▶ [TASK] Only the lines below, from the one with "using gen sg_basis_in_sg_alg" through the one with "using ker by simp", are to be written out, exactly.

▶ [TASK MATERIAL]
text \<open>Under the Cayley parametrisation \<open>cis t = (1 + \<i> tan (t/2)) / (1 - \<i> tan (t/2))\<close> of the
  unit circle, this is the boundary map, in angles from \<open>(-pi, pi)\<close>, of the hyperbolic Moebius
  transformation fixing \<open>\<plusminus>1\<close> that corresponds to the dilation \<open>u \<mapsto> K u\<close> of the real line.\<close>

definition dilation_angle :: "real \<Rightarrow> real \<Rightarrow> real" where
  "dilation_angle K t = 2 * arctan (K * tan (t / 2))"

lemma inversion_cis_eq_dilation_angle:
  fixes C :: real
  assumes "0 < C" "C < 1" "-pi < t" "t < pi"
  shows "1 / of_real C + (1 - of_real C ^ 2) / of_real C ^ 2 / (cis t - 1 / of_real C)
       = - cis (dilation_angle ((1 + C) / (1 - C)) t)"
proof -
  define u where "u = tan (t / 2)"
  have "of_real C * (1 + \<i> * of_real u) \<noteq> 1 - \<i> * of_real u"
    using assms by (simp add: complex_eq_iff)
  then have "1 / of_real C + (1 - of_real C ^ 2) / of_real C ^ 2 /
        ((1 + \<i> * of_real u) / (1 - \<i> * of_real u) - 1 / of_real C)
      = - ((1 + \<i> * of_real ((1 + C) / (1 - C) * u)) / (1 - \<i> * of_real ((1 + C) / (1 - C) * u)))"
    using assms moebius_cayley[of "of_real C" "of_real u"] by (simp add: complex_eq_iff)
  then show ?thesis
    unfolding dilation_angle_def cis_double_arctan u_def cis_eq_cayley_tan_half[OF assms(3,4)] .
qed
lemma alg_map_wrap_Nil:
  assumes p: "p \<in> fin_poly" and v: "v \<noteq> []"
  shows "alg_map \<phi> (wrap [] p v) = sg_mult (alg_map \<phi> p) (sg_basis (\<phi> v))"
proof
  fix s
  have fin: "finite (supp p)" and "p [] = 0"
    using p by (auto simp: fin_poly_def)
  have \<phi>_append: "\<phi> (u @ v) = \<phi> u * \<phi> v" if "u \<in> supp p" for u
  proof -
    have "u \<noteq> []"
      using that \<open>p [] = 0\<close> by auto
    then show ?thesis
      using hom v by blast
  qed
  have "alg_map \<phi> (wrap [] p v) s = sum (wrap [] p v) {m \<in> (\<lambda>u. u @ v) ` supp p. \<phi> m = s}"
    by (rule alg_map_eq_sum) (use fin supp_wrap[of "[]" p v] in auto)
  also have "{m \<in> (\<lambda>u. u @ v) ` supp p. \<phi> m = s} = (\<lambda>u. u @ v) ` {u \<in> supp p. \<phi> (u @ v) = s}"
    by auto
  also have "sum (wrap [] p v) \<dots> = sum (\<lambda>u. wrap [] p v (u @ v)) {u \<in> supp p. \<phi> (u @ v) = s}"
    by (subst sum.reindex) (auto intro: inj_onI simp: comp_def)
  also have "\<dots> = sum p {u \<in> supp p. \<phi> u * \<phi> v = s}"
    using \<phi>_append by (auto intro!: sum.cong)
  also have "\<dots> = sg_mult (alg_map \<phi> p) (sg_basis (\<phi> v)) s"
    by (rule sg_mult_alg_map_sg_basis[OF p, symmetric])
  finally show "alg_map \<phi> (wrap [] p v) s = sg_mult (alg_map \<phi> p) (sg_basis (\<phi> v)) s" .
qed

lemma cong_gen_diff_in_mixed_ideal:
  assumes "(u, v) \<in> cong_gen R"
  shows "(word_monom u - word_monom v :: 'x list \<Rightarrow> 'k::field) \<in> mixed_ideal {} (relator_polys R)"
proof (rule conversion_diff_in_subspace[OF scal.subspace_span _ assms[unfolded cong_gen_def]])
  fix y z
  assume "(y, z) \<in> cong_step R"
  then obtain w l r v where yz: "y = w @ l @ v" "z = w @ r @ v" and lr: "(l, r) \<in> R"
    unfolding cong_step_def by blast
  have "(word_monom l - word_monom r :: 'x list \<Rightarrow> 'k) \<in> relator_polys R"
    using lr unfolding relator_polys_def by blast
  moreover have "word_monom y - word_monom z = wrap w (word_monom l - word_monom r :: 'x list \<Rightarrow> 'k) v"
    unfolding yz module_hom.diff[OF module_hom_wrap] wrap_word_monom ..
  ultimately have "word_monom y - word_monom z \<in> mixed_gens {} (relator_polys R :: ('x list \<Rightarrow> 'k) set)"
    unfolding mixed_gens_iff by blast
  then show "word_monom y - word_monom z \<in> mixed_ideal {} (relator_polys R :: ('x list \<Rightarrow> 'k) set)"
    by (rule scal.span_base)
qed

lemma alg_map_mixed_gen:
  fixes Q :: "('x list \<Rightarrow> 'k::field) set"
  assumes Q: "Q \<subseteq> fin_poly" and b: "b \<in> mixed_gens Q (relator_polys R)"
  shows "alg_map \<phi> b \<in> right_ideal (alg_map \<phi> ` Q)"
proof -
  obtain w p v where b_eq: "b = wrap w p v" and p: "p \<in> Q \<and> w = [] \<or> p \<in> relator_polys R"
    using b unfolding mixed_gens_iff by blast
  from p show ?thesis
  proof
    assume pQ: "p \<in> Q \<and> w = []"
    then have gen: "alg_map \<phi> p \<in> right_ideal (alg_map \<phi> ` Q)"
      by (simp add: right_ideal.gen)
    show ?thesis
    proof (cases "v = []")
      case True
      then show ?thesis
        using gen pQ b_eq by simp
    next
      case False
      have "sg_mult (alg_map \<phi> p) (sg_basis (\<phi> v)) \<in> right_ideal (alg_map \<phi> ` Q)"
        using gen sg_basis_in_sg_alg by (rule right_ideal.rmult)
      moreover have "p \<in> fin_poly"
        using pQ Q by blast
      ultimately show ?thesis
        using alg_map_wrap_Nil[OF _ False] pQ b_eq by metis
    qed
  next
    assume "p \<in> relator_polys R"
    then obtain l r where p_eq: "p = word_monom l - word_monom r" and lr: "(l, r) \<in> R"
      unfolding relator_polys_def by blast
    then have "(w @ l @ v, w @ r @ v) \<in> cong_gen R"
      unfolding cong_gen_def cong_step_def by blast
    moreover have "l \<noteq> []" "r \<noteq> []"
      using lr relations_nonempty by auto
    ultimately have "\<phi> (w @ l @ v) = \<phi> (w @ r @ v)"
      using ker by simp
    moreover have "alg_map \<phi> b = alg_map \<phi> (word_monom (w @ l @ v)) - alg_map \<phi> (word_monom (w @ r @ v))"
      using \<open>l \<noteq> []\<close> \<open>r \<noteq> []\<close>
      unfolding b_eq p_eq module_hom.diff[OF module_hom_wrap] wrap_word_monom
      by (intro alg_map_diff word_monom_in_fin_poly) simp_all
    ultimately have "alg_map \<phi> b = 0"
      by (simp add: alg_map_word_monom)
    then show ?thesis
      by (simp add: right_ideal.zero)
  qed
qed

lemma alg_map_mixed_ideal:
  fixes Q :: "('x list \<Rightarrow> 'k::field) set"
  assumes Q: "Q \<subseteq> fin_poly" and l: "l \<in> mixed_ideal Q (relator_polys R)"
  shows "alg_map \<phi> l \<in> right_ideal (alg_map \<phi> ` Q)"
proof -
  from l have "l \<in> fin_poly \<and> alg_map \<phi> l \<in> right_ideal (alg_map \<phi> ` Q)"
  proof (induction rule: scal.span_induct_alt)
    case base
    show ?case
      unfolding alg_map_zero using scal.subspace_0[OF subspace_fin_poly] right_ideal.zero by blast
  next
    case (step c b y)
    have b: "b \<in> fin_poly" "scal c b \<in> fin_poly"
      using step.hyps mixed_ideal_relators_subset_fin_poly[OF Q] scal.span_base
        scal.subspace_scale[OF subspace_fin_poly] by blast+
    have "alg_map \<phi> (scal c b + y) = scal c (alg_map \<phi> b) + alg_map \<phi> y"
      using b step.IH by (simp add: alg_map_add alg_map_scal)
    moreover have "scal c (alg_map \<phi> b) \<in> right_ideal (alg_map \<phi> ` Q)"
      using alg_map_mixed_gen[OF Q step.hyps] by (rule right_ideal.smult)
    ultimately show ?case
      using b step.IH scal.subspace_add[OF subspace_fin_poly] right_ideal.add by metis
  qed
  then show ?thesis ..
qed

lemma sg_mult_alg_map_in_image:
  fixes Q :: "('x list \<Rightarrow> 'k::field) set"
  assumes Q: "Q \<subseteq> fin_poly" and l: "l \<in> mixed_ideal Q (relator_polys R)" and b: "b \<in> sg_alg"
  shows "sg_mult (alg_map \<phi> l) b \<in> alg_map \<phi> ` mixed_ideal Q (relator_polys R)"
proof -
  have l_fin: "l \<in> fin_poly"
    using l mixed_ideal_relators_subset_fin_poly[OF Q] by blast
  have "finite (supp b)"
    using b by (simp add: sg_alg_def)
  then show ?thesis
  proof (induction rule: finite_support_induct)
    case zero
    have "sg_mult (alg_map \<phi> l) 0 = alg_map \<phi> 0"
      by (simp only: sg_mult_zero_right alg_map_zero)
    then show ?case
      by (metis image_eqI scal.span_zero)
  next
    case (add g x)
    from add.IH obtain l1 where l1: "l1 \<in> mixed_ideal Q (relator_polys R)"
      "sg_mult (alg_map \<phi> l) g = alg_map \<phi> l1"
      by blast
    obtain u where u: "u \<noteq> []" "\<phi> u = x"
      using surj by blast
    let ?l' = "l1 + scal (b x) (wrap [] l u)"
    have g: "g \<in> sg_alg"
      using add.hyps(1) \<open>finite (supp b)\<close> finite_subset by (auto simp: sg_alg_def)
    have wrap_l: "wrap [] l u \<in> mixed_ideal Q (relator_polys R)" "wrap [] l u \<in> fin_poly"
      using wrap_Nil_in_mixed_ideal[OF l] wrap_in_fin_poly[OF l_fin] .
    have l1_fin: "l1 \<in> fin_poly"
      using l1(1) mixed_ideal_relators_subset_fin_poly[OF Q] by blast
    have "sg_mult (alg_map \<phi> l) (g + scal (b x) (sg_basis x))
        = sg_mult (alg_map \<phi> l) g + scal (b x) (sg_mult (alg_map \<phi> l) (sg_basis x))"
      by (rule sg_mult_add_basis_right[OF alg_map_in_sg_alg[OF l_fin] g])
    also have "sg_mult (alg_map \<phi> l) (sg_basis x) = alg_map \<phi> (wrap [] l u)"
      using alg_map_wrap_Nil[OF l_fin u(1)] u(2) by simp
    also have "sg_mult (alg_map \<phi> l) g = alg_map \<phi> l1"
      by (rule l1(2))
    also have "alg_map \<phi> l1 + scal (b x) (alg_map \<phi> (wrap [] l u)) = alg_map \<phi> ?l'"
      by (simp only: alg_map_add[OF l1_fin scal.subspace_scale[OF subspace_fin_poly wrap_l(2)]]
          alg_map_scal[OF wrap_l(2)])
    finally show ?case
      using l1(1) wrap_l(1) by (blast intro: scal.span_add scal.span_scale)
  qed
qed

lemma right_ideal_subset_alg_map_image:
  fixes Q :: "('x list \<Rightarrow> 'k::field) set"
  assumes Q: "Q \<subseteq> fin_poly" and a: "a \<in> right_ideal (alg_map \<phi> ` Q)"
  shows "a \<in> alg_map \<phi> ` mixed_ideal Q (relator_polys R)"
  using a
proof (induction rule: right_ideal.induct)
  case (gen g)
  then obtain q where q: "q \<in> Q" "g = alg_map \<phi> q"
    by blast
  then have "q \<in> mixed_gens Q (relator_polys R)"
    unfolding mixed_gens_iff by (metis wrap_Nil_Nil)
  then show ?case
    using q(2) scal.span_base by blast
next
  case zero
  show ?case
    using scal.span_zero alg_map_zero by (metis image_eqI)
next
  case (add a b)
  then obtain la lb where "la \<in> mixed_ideal Q (relator_polys R)" "a = alg_map \<phi> la"
    "lb \<in> mixed_ideal Q (relator_polys R)" "b = alg_map \<phi> lb"
    by blast
  moreover have "la \<in> fin_poly" "lb \<in> fin_poly"
    using calculation mixed_ideal_relators_subset_fin_poly[OF Q] by blast+
  ultimately show ?case
    by (metis alg_map_add image_eqI scal.span_add)
next
  case (smult a c)
  then obtain la where "la \<in> mixed_ideal Q (relator_polys R)" "a = alg_map \<phi> la"
    by blast
  moreover have "la \<in> fin_poly"
    using calculation mixed_ideal_relators_subset_fin_poly[OF Q] by blast
  ultimately show ?case
    by (metis alg_map_scal image_eqI scal.span_scale)
next
  case (rmult a b)
  then show ?case
    using sg_mult_alg_map_in_image[OF Q] by blast
qed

▶ [WRITTEN RESPONSE]
        using gen sg_basis_in_sg_alg by (rule right_ideal.rmult)
      moreover have "p \<in> fin_poly"
        using pQ Q by blast
      ultimately show ?thesis
        using alg_map_wrap_Nil[OF _ False] pQ b_eq by metis
    qed
  next
    assume "p \<in> relator_polys R"
    then obtain l r where p_eq: "p = word_monom l - word_monom r" and lr: "(l, r) \<in> R"
      unfolding relator_polys_def by blast
    then have "(w @ l @ v, w @ r @ v) \<in> cong_gen R"
      unfolding cong_gen_def cong_step_def by blast
    moreover have "l \<noteq> []" "r \<noteq> []"
      using lr relations_nonempty by auto
    ultimately have "\<phi> (w @ l @ v) = \<phi> (w @ r @ v)"
      using ker by simp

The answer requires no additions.